Shame on all politicians who just continue to throw money at a system that has seen standards decline even as funding has increased. Shame on the same politicians who implement policies that prevent the good teachers from giving their students the benefit of their knowledge -- and that prevent such people from wanting to work in the system in the first place. Shame on all parents who pay huge fees to universities and then don't demand the most basic standards from those who receive their money. Shame on all teachers who don't care enough about this problem to do anything about it, and tell themselves that it's OK because they're following whatever rules they're told to follow. Shame, too, on any union officer who is more interested in protecting the pensions of their members than in ensuring that their members have the ability and permission to deliver the education their young charges have a right to expect.

As ever, we get what we deserve. But our children do not: they are the ones who will have to compete with ever increasing numbers of increasingly well-educated young people from developing countries all over the world.

Whatever the reason, and whoever should be blamed, America needs to come together to address its taught ignorance. If our debt doesn't finish us, our education system certainly will.

America has already bred its lost generation, and given them 3.9 GPAs. What are we going to do about it?

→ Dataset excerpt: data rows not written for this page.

lemma k_proper_coloring_eq: "k_proper_coloring k V E c = k_steiner_trees (proper_tree c) k V E"
  by (simp add: k_proper_coloring_def k_steiner_trees_def)

lemma k_rainbow_coloring_eq: "k_rainbow_coloring k V E c = k_steiner_trees (rainbow_tree c) k V E"
  by (simp add: k_rainbow_coloring_def k_steiner_trees_def)

lemma k_steiner_trees_whole_tree:
  assumes "is_subtree V E V E" "Q E"
  shows "k_steiner_trees Q k V E"
  using assms by (auto simp: k_steiner_trees_def)

lemma k_steiner_treesD:
  assumes "k_steiner_trees Q k V E" "finite V" "T \<subseteq> V" "card T \<le> k" "k \<le> card V"
  obtains VT ET where "is_subtree V E VT ET" "T \<subseteq> VT" "Q ET"
proof -
  obtain S where S: "T \<subseteq> S" "S \<subseteq> V" "card S = k"
    using exists_subset_between[OF assms(4,5,3,2)] by blast
  then obtain VT ET where "is_subtree V E VT ET" "S \<subseteq> VT" "Q ET"
    using assms(1) unfolding k_steiner_trees_def by blast
  with S(1) show ?thesis
    using that by blast
qed

lemma proper_index_eqI:
  assumes "k_proper_coloring k V E c" "card (c ` E) = m"
    and "\<And>c. k_proper_coloring k V E c \<Longrightarrow> m \<le> card (c ` E)"
  shows "proper_index k V E = m"
  unfolding proper_index_def using assms by (intro Least_equality) auto

lemma rainbow_index_eqI:
  assumes "k_rainbow_coloring k V E c" "card (c ` E) = m"
    and "\<And>c. k_rainbow_coloring k V E c \<Longrightarrow> m \<le> card (c ` E)"
  shows "rainbow_index k V E = m"
  unfolding rainbow_index_def using assms by (intro Least_equality) auto

lemma rtrancl_adj_rel_leaves_set:
  assumes "(x, y) \<in> (adj_rel E)\<^sup>*" "x \<in> D" "y \<notin> D"
  shows "\<exists>u v. {u, v} \<in> E \<and> u \<in> D \<and> v \<notin> D"
  using assms
proof (induction rule: rtrancl_induct)
  case (step y z)
  then show ?case
    by (cases "y \<in> D") (auto simp: adj_rel_def)
qed simp
definition tri_edges :: "complex set set \<Rightarrow> (complex set \<Rightarrow> real \<Rightarrow> complex) \<Rightarrow> complex set \<Rightarrow> complex set set" where
  "tri_edges E emb f = {e \<in> E. path_image (emb e) \<subseteq> frontier f}"

definition ft_adj :: "complex set \<Rightarrow> complex set set \<Rightarrow> (complex set \<Rightarrow> real \<Rightarrow> complex) \<Rightarrow> complex set \<Rightarrow> complex set \<Rightarrow> bool" where
  "ft_adj V E emb f f' \<longleftrightarrow> facial_triangle V E emb f \<and> facial_triangle V E emb f' \<and>
     tri_edges E emb f \<inter> tri_edges E emb f' \<noteq> {}"

definition block_edges :: "complex set \<Rightarrow> complex set set \<Rightarrow> (complex set \<Rightarrow> real \<Rightarrow> complex) \<Rightarrow> complex set \<Rightarrow> complex set set" where
  "block_edges V E emb e =
     (if \<not> (\<exists>f. facial_triangle V E emb f \<and> e \<in> tri_edges E emb f) then {e}
      else \<Union>{tri_edges E emb f' | f'. \<exists>f. facial_triangle V E emb f \<and> e \<in> tri_edges E emb f
                                          \<and> (ft_adj V E emb)\<^sup>*\<^sup>* f f'})"

definition triangular_block :: "complex set \<Rightarrow> complex set set \<Rightarrow> (complex set \<Rightarrow> real \<Rightarrow> complex) \<Rightarrow> complex set \<Rightarrow> complex set set \<Rightarrow> bool" where
  "triangular_block V E emb VB EB \<longleftrightarrow>
     (\<exists>e\<in>E. EB = block_edges V E emb e \<and> VB = \<Union>EB)"

definition cyc_edges :: "complex list \<Rightarrow> complex set set" where
  "cyc_edges cs = {{cs ! i, cs ! ((i + 1) mod length cs)} | i. i < length cs}"

definition is_cycle :: "complex set set \<Rightarrow> complex list \<Rightarrow> bool" where
  "is_cycle E cs \<longleftrightarrow> length cs \<ge> 3 \<and> distinct cs \<and> cyc_edges cs \<subseteq> E"

definition path_edges :: "complex list \<Rightarrow> complex set set" where
  "path_edges ps = {{ps ! i, ps ! Suc i} | i. Suc i < length ps}"
lemma not_determines_pure_states_if_one_positive:
  assumes l: "1 \<le> l" and QP: "\<forall>i<l. is_povm d m (Q i)"
    and X: "X \<in> ker_M_Q d l m Q" "X \<noteq> 0\<^sub>m d d" and one: "num_pos_eigenvalues X < 2"
  shows "\<not> determines_pure_states d l m Q"
proof
  assume det: "determines_pure_states d l m Q"
  have hX: "hermitian d X" using X(1) unfolding ker_M_Q_def by simp
  have Xc: "X \<in> carrier_mat d d" using hX by (rule hermitian_carrier_mat)
  obtain us lam where eb: "orthonormal_eigenvectors d X d us lam"
    using hermitian_orthonormal_eigenbasis[OF hX] by blast
  have on: "orthonormal d d us" using eb by (rule orthonormal_eigenvectorsD)
  have tr: "mtrace X = 0" and sum0: "(\<Sum>i<d. lam i) = 0"
    using Re_mtrace_ker_M_Q[OF l QP X(1)] eigenbasis_mtrace[OF Xc eb] by simp_all
  have "\<exists>i<d. lam i \<noteq> 0" using X(2) eigenbasis_eq_zero[OF Xc eb] by blast
  then obtain p where p: "p < d" "lam p > 0" using exists_pos_of_sum_eq_0[OF _ sum0] by auto
  have "card {i. i < d \<and> lam i > 0} \<le> 1"
    using one num_pos_eigenvalues_eq_card[OF eigenbasis_char_poly[OF Xc eb]] by simp
  then have nonpos: "\<forall>i<d. i \<noteq> p \<longrightarrow> lam i \<le> 0"
    using p card_le_Suc0_iff_eq[of "{i. i < d \<and> lam i > 0}"] by force
  define \<sigma> where "\<sigma> = orth_proj d 1 (\<lambda>_. us p)"
  define c where "c = complex_of_real (1 / lam p)"
  have "is_pure_state d \<sigma>"
    unfolding \<sigma>_def using orthonormalD[OF on] p by (intro is_pure_state_orth_proj_single) auto
  moreover have "is_state d (\<sigma> - c \<cdot>\<^sub>m X)"
    unfolding \<sigma>_def c_def by (rule is_state_subtract_single_positive[OF hX eb tr p nonpos])
  moreover have "M_Q l m Q \<sigma> = M_Q l m Q (\<sigma> - c \<cdot>\<^sub>m X)"
    unfolding c_def \<sigma>_def by (rule M_Q_diff_smult_ker[OF QP orth_proj_carrier_mat X(1), symmetric])
  ultimately have eq: "\<sigma> - c \<cdot>\<^sub>m X = \<sigma>" using det unfolding determines_pure_states_def by blast
  have "X = 0\<^sub>m d d"
  proof (rule eq_matI)
    fix a b assume "a < dim_row (0\<^sub>m d d :: complex mat)" "b < dim_col (0\<^sub>m d d :: complex mat)"
    then have ab: "a < d" "b < d" by auto
    then have "c * X $$ (a, b) = 0" using arg_cong[OF eq, of "\<lambda>M. M $$ (a, b)"] Xc by (simp add: \<sigma>_def)
    moreover have "c \<noteq> 0" unfolding c_def using p by simp
    ultimately show "X $$ (a, b) = 0\<^sub>m d d $$ (a, b)" using ab by simp
  qed (use Xc in auto)
  with X(2) show False ..
qed

theorem proposition1:
  fixes d l m :: nat and Q :: "nat \<Rightarrow> nat \<Rightarrow> complex mat"
  assumes "d \<ge> 1" and "l \<ge> 1" and "m \<ge> 1"
    and "\<forall>i<l. is_povm d m (Q i)"
  shows "determines_pure_states d l m Q \<longleftrightarrow>
    (\<forall>X \<in> ker_M_Q d l m Q. X \<noteq> 0\<^sub>m d d \<longrightarrow> num_pos_eigenvalues X \<ge> 2)"
proof
  assume "determines_pure_states d l m Q"
  then show "\<forall>X \<in> ker_M_Q d l m Q. X \<noteq> 0\<^sub>m d d \<longrightarrow> num_pos_eigenvalues X \<ge> 2"
    using not_determines_pure_states_if_one_positive[OF assms(2,4)] by (meson not_le)
next
  assume "\<forall>X \<in> ker_M_Q d l m Q. X \<noteq> 0\<^sub>m d d \<longrightarrow> num_pos_eigenvalues X \<ge> 2"
  then show "determines_pure_states d l m Q"
    by (rule determines_pure_states_if_two_positive[OF assms(4)])
qed

end
(* There is a sentence $\alpha$ of ESG such that $\models_{\mathrm{ESG}}\alpha$ but not $\models_{\text{t-ESG}}\alpha$. In other words, validity in ESG of an ESG sentence does not imply its validity in t-ESG.
   Context: The logic t-ESG. Sorts object, action, clock, time; standard names $\mathcal N_O,\mathcal N_A,\mathcal N_C$ (countably infinite) and time names $\mathbb Q_{\ge0}$; variables of sorts object, action, clock; fluent and rigid function and predicate symbols (action- and clock-valued functions rigid); distinguished fluent predicates $\mathit{Poss}$, $\mathit{reset}$, $g$. Primitive terms/formulas: symbols applied to standard names. Situation formulas: $P(\vec t)$, $t_1=t_2$, $c\bowtie r$ ($c$ clock term), $r\bowtie r'$ ($r,r'\in\mathbb Q_{\ge0}$), closed under $\wedge,\neg,\forall$, $\square\alpha$, $[\delta]\alpha$, $[\![\delta]\!]\phi$, $[\![\delta]\!]^{<\infty}\phi$; trace formulas closed under $\wedge,\neg,\forall$, $\phi\,\mathcal U_I\,\psi$. Programs $\delta::=t\mid\alpha?\mid\delta_1;\delta_2\mid\delta_1|\delta_2\mid\delta_1\|\delta_2\mid\delta^*$ ($t$ action term, $\alpha$ static). Timed traces $t_1p_1t_2p_2\cdots$ with non-decreasing $t_i\in\mathbb R_{\ge0}$, $p_i\in\mathcal N_A$; $(p_1,t_1)\cdots(p_k,t_k)$ denotes $t_1p_1\cdots t_kp_k$; $\mathrm{time}(z)$ = time of last action ($0$ for $\langle\rangle$). A t-ESG world maps (primitive term, finite trace) to a name of the right sort, (primitive formula, finite trace) to $\{0,1\}$, (clock name, finite trace) to $\mathbb R_{\ge0}$, with rigidity, unique names for actions and clocks, $w[c,\langle\rangle]=0$, $w[c,z\cdot t]=w[c,z]+t-\mathrm{time}(z)$, $w[c,z\cdot p]=0$ if $w[\mathit{reset}(c),z\cdot p]=1$ else $w[c,z]$. Transitions given $w$: a time step $\langle z,\delta\rangle\to\langle z\cdot t,\delta\rangle$ ($t\ge\mathrm{time}(z)$ any real) followed by an action step, where $\langle z,a\rangle\to_s\langle z\cdot|a|^z_w,\top?\rangle$ and steps propagate through $;$ (into $\delta_2$ once $\delta_1$ final), $|$, $\|$, $^*$ in the standard way; final configurations: $\alpha?$ if $\alpha$ holds, $;$,$\|$ if both parts final, $|$ if one is, $\delta^*$ always. $\|\delta\|^z_w$: finite $z'$ reaching a final configuration, and infinite traces never visiting one. Truth: $w,z\models F(\vec t)$ iff $w[F(\vec n),z]=1$ ($\vec n$ the denotations); equality; $c\bowtie r$ iff $w[c,z]\bowtie r$; usual connectives and substitutional quantifiers; $\square\alpha$: after all finite extensions; $w,z\models[\delta]\alpha$ iff $w,zz'\models\alpha$ for all finite $z'\in\|\delta\|^z_w$; $[\![\delta]\!]\phi$ iff $w,z,\tau\models\phi$ for all $\tau\in\|\delta\|^z_w$; until: $\tau=z_1\tau'$, $z_1$ nonempty, $\psi$ at $(zz_1,\tau')$, $\mathrm{time}(z_1)\in\mathrm{time}(z)+I$, $\phi$ at all intermediate splits. $\models_{\text{t-ESG}}\alpha$: $w,\langle\rangle\models\alpha$ for every t-ESG world. The logic ESG. Language: t-ESG formulas mentioning only object and action terms (no clock terms, no $g$, no $\mathit{reset}$) and using only unbounded until. ESG traces are sequences of action names; an ESG world maps (primitive object/action term, finite ESG trace) to names and (primitive formula, finite ESG trace) to $\{0,1\}$, with rigidity and unique names for actions; transitions are the action steps only (no time steps); final configurations, program traces and truth are defined analogously without clocks. $\models_{\mathrm{ESG}}\alpha$: $w,\langle\rangle\models\alpha$ for all ESG worlds. *)

theory Defs
  imports Main "HOL.Real"
begin

section \<open>Syntax shared by t-ESG and ESG\<close>

datatype sort = SObj | SAct | SClk

datatype name = NObj nat | NAct nat | NClk nat

fun sort_name :: "name \<Rightarrow> sort" where
  "sort_name (NObj _) = SObj"
| "sort_name (NAct _) = SAct"
| "sort_name (NClk _) = SClk"

datatype fsym = FSym nat sort bool

fun fsort :: "fsym \<Rightarrow> sort" where "fsort (FSym _ s _) = s"
fun frigid :: "fsym \<Rightarrow> bool" where "frigid (FSym _ _ r) = r"

datatype psym = Poss | Reset | G | PSym nat bool

fun prigid :: "psym \<Rightarrow> bool" where
  "prigid (PSym _ r) = r"
| "prigid _ = False"

datatype "term" = Var sort nat | Nm name | App fsym "term list"

fun term_sort :: "term \<Rightarrow> sort" where
  "term_sort (Var s _) = s"
| "term_sort (Nm n) = sort_name n"
| "term_sort (App f _) = fsort f"

datatype cmp = CLt | CLe | CEq | CGe | CGt

fun cmpv :: "cmp \<Rightarrow> real \<Rightarrow> real \<Rightarrow> bool" where
  "cmpv CLt x y = (x < y)"
| "cmpv CLe x y = (x \<le> y)"
| "cmpv CEq x y = (x = y)"
| "cmpv CGe x y = (x \<ge> y)"
| "cmpv CGt x y = (x > y)"

text \<open>Intervals with endpoints in rationals: lower bound, lower closed?,
  upper bound (None = infinity), upper closed?\<close>
datatype interval = Intv rat bool "rat option" bool

fun in_intv :: "interval \<Rightarrow> real \<Rightarrow> bool" where
  "in_intv (Intv lo lc hi hc) x =
     ((if lc then of_rat lo \<le> x else of_rat lo < x) \<and>
      (case hi of None \<Rightarrow> True | Some h \<Rightarrow> (if hc then x \<le> of_rat h else x < of_rat h)))"

fun wf_intv :: "interval \<Rightarrow> bool" where
  "wf_intv (Intv lo lc hi hc) = (0 \<le> lo \<and> (case hi of None \<Rightarrow> True | Some h \<Rightarrow> 0 \<le> h))"

fun unbounded_intv :: "interval \<Rightarrow> bool" where
  "unbounded_intv (Intv lo lc hi hc) = (lo = 0 \<and> lc \<and> hi = None)"

datatype fml =
    Pred psym "term list"
  | Eq "term" "term"
  | ClkCmp "term" cmp rat
  | RatCmp rat cmp rat
  | And fml fml
  | Not fml
  | All sort nat fml
  | Box fml
  | Dia prog fml                   \<comment> \<open>\<open>[\<delta>]\<alpha>\<close>\<close>
  | TBox prog tfml
  | TBoxFin prog tfml              \<comment> \<open>\<open>[[\<delta>]]^{<\<infinity>}\<phi>\<close>\<close>
and tfml =
    Sit fml
  | TAnd tfml tfml
  | TNot tfml
  | TAll sort nat tfml
  | Until interval tfml tfml
and prog =
    Act "term"
  | Test fml
  | Seq prog prog
  | Choice prog prog
  | Conc prog prog
  | Star prog
section \<open>The finite-rank operator \<open>T\<^sub>d\<close>\<close>

lemma inner_L2_real_cond_exp:
  assumes "sigma_finite_subalgebra M F" and g: "L2mem M g" "g \<in> borel_measurable F" and h: "L2mem M h"
  shows "integrable M (\<lambda>x. g x * real_cond_exp M F h x)"
    and "inner_L2 M g (real_cond_exp M F h) = inner_L2 M g h"
  using sigma_finite_subalgebra.real_cond_exp_intg[OF assms(1) integrable_mult_L2[OF g(1) h] g(2)] h
  by (simp_all add: inner_L2_def L2mem_def)

lemma sigma_finite_subalgebra_vimage_algebra:
  assumes "finite_measure M" and Z: "Z \<in> measurable M N"
  shows "sigma_finite_subalgebra M (vimage_algebra (space M) Z N)"
proof -
  have "subalgebra M (vimage_algebra (space M) Z N)"
    unfolding subalgebra_def using sets_image_in_sets[OF refl Z] by auto
  with assms(1) have "finite_measure_subalgebra M (vimage_algebra (space M) Z N)"
    by (simp add: finite_measure_subalgebra_def finite_measure_subalgebra_axioms_def)
  then show ?thesis
    by (rule finite_measure_subalgebra_is_sigma_finite)
qed

lemma integral_integral_sq_sum:
  assumes I: "finite I" and f: "\<And>i. i \<in> I \<Longrightarrow> L2mem \<mu> (f i)" and g: "\<And>i. i \<in> I \<Longrightarrow> L2mem \<nu> (g i)"
  shows "(\<integral>x. (\<integral>z. (\<Sum>i\<in>I. f i x * g i z)\<^sup>2 \<partial>\<nu>) \<partial>\<mu>)
       = (\<Sum>i\<in>I. \<Sum>j\<in>I. inner_L2 \<mu> (f i) (f j) * inner_L2 \<nu> (g i) (g j))"
proof -
  have "(\<integral>z. (\<Sum>i\<in>I. f i x * g i z)\<^sup>2 \<partial>\<nu>) = (\<Sum>i\<in>I. \<Sum>j\<in>I. inner_L2 \<nu> (g i) (g j) * (f i x * f j x))"
    for x
  proof -
    have "(\<integral>z. (\<Sum>i\<in>I. f i x * g i z)\<^sup>2 \<partial>\<nu>) = sqnorm_L2 \<nu> (\<lambda>z. \<Sum>i\<in>I. f i x * g i z)"
      by (simp add: inner_L2_def power2_eq_square)
    also have "\<dots> = (\<Sum>i\<in>I. \<Sum>j\<in>I. f i x * f j x * inner_L2 \<nu> (g i) (g j))"
      by (rule inner_L2_sum_sum[OF I I g g])
    finally show ?thesis
      by (simp add: ac_simps)
  qed
  then have "(\<integral>x. (\<integral>z. (\<Sum>i\<in>I. f i x * g i z)\<^sup>2 \<partial>\<nu>) \<partial>\<mu>)
      = (\<integral>x. (\<Sum>i\<in>I. \<Sum>j\<in>I. inner_L2 \<nu> (g i) (g j) * (f i x * f j x)) \<partial>\<mu>)"
    by simp
  also have "\<dots> = (\<Sum>i\<in>I. \<Sum>j\<in>I. inner_L2 \<nu> (g i) (g j) * inner_L2 \<mu> (f i) (f j))"
    using f by (simp add: inner_L2_def integrable_mult_L2)
  finally show ?thesis
    by (simp add: mult.commute)
qed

(Note; a reader will occasionally find errors in English in Watching America articles -- despite the various systems we have in place to ensure they never occur. We apologize for them. The difference between us and Fry's, and it seems, the American education system, is three-fold: 1) We care about errors; 2) we fix errors when they are pointed out to us and 3) WA has neither profits nor funding, so while we strive for quality, we are limited by resources and the time kindly donated by our wonderful volunteers. Nevertheless, the standards we set for our editorial team seem in some respects to be higher than those set for masters' degrees at many institutions.)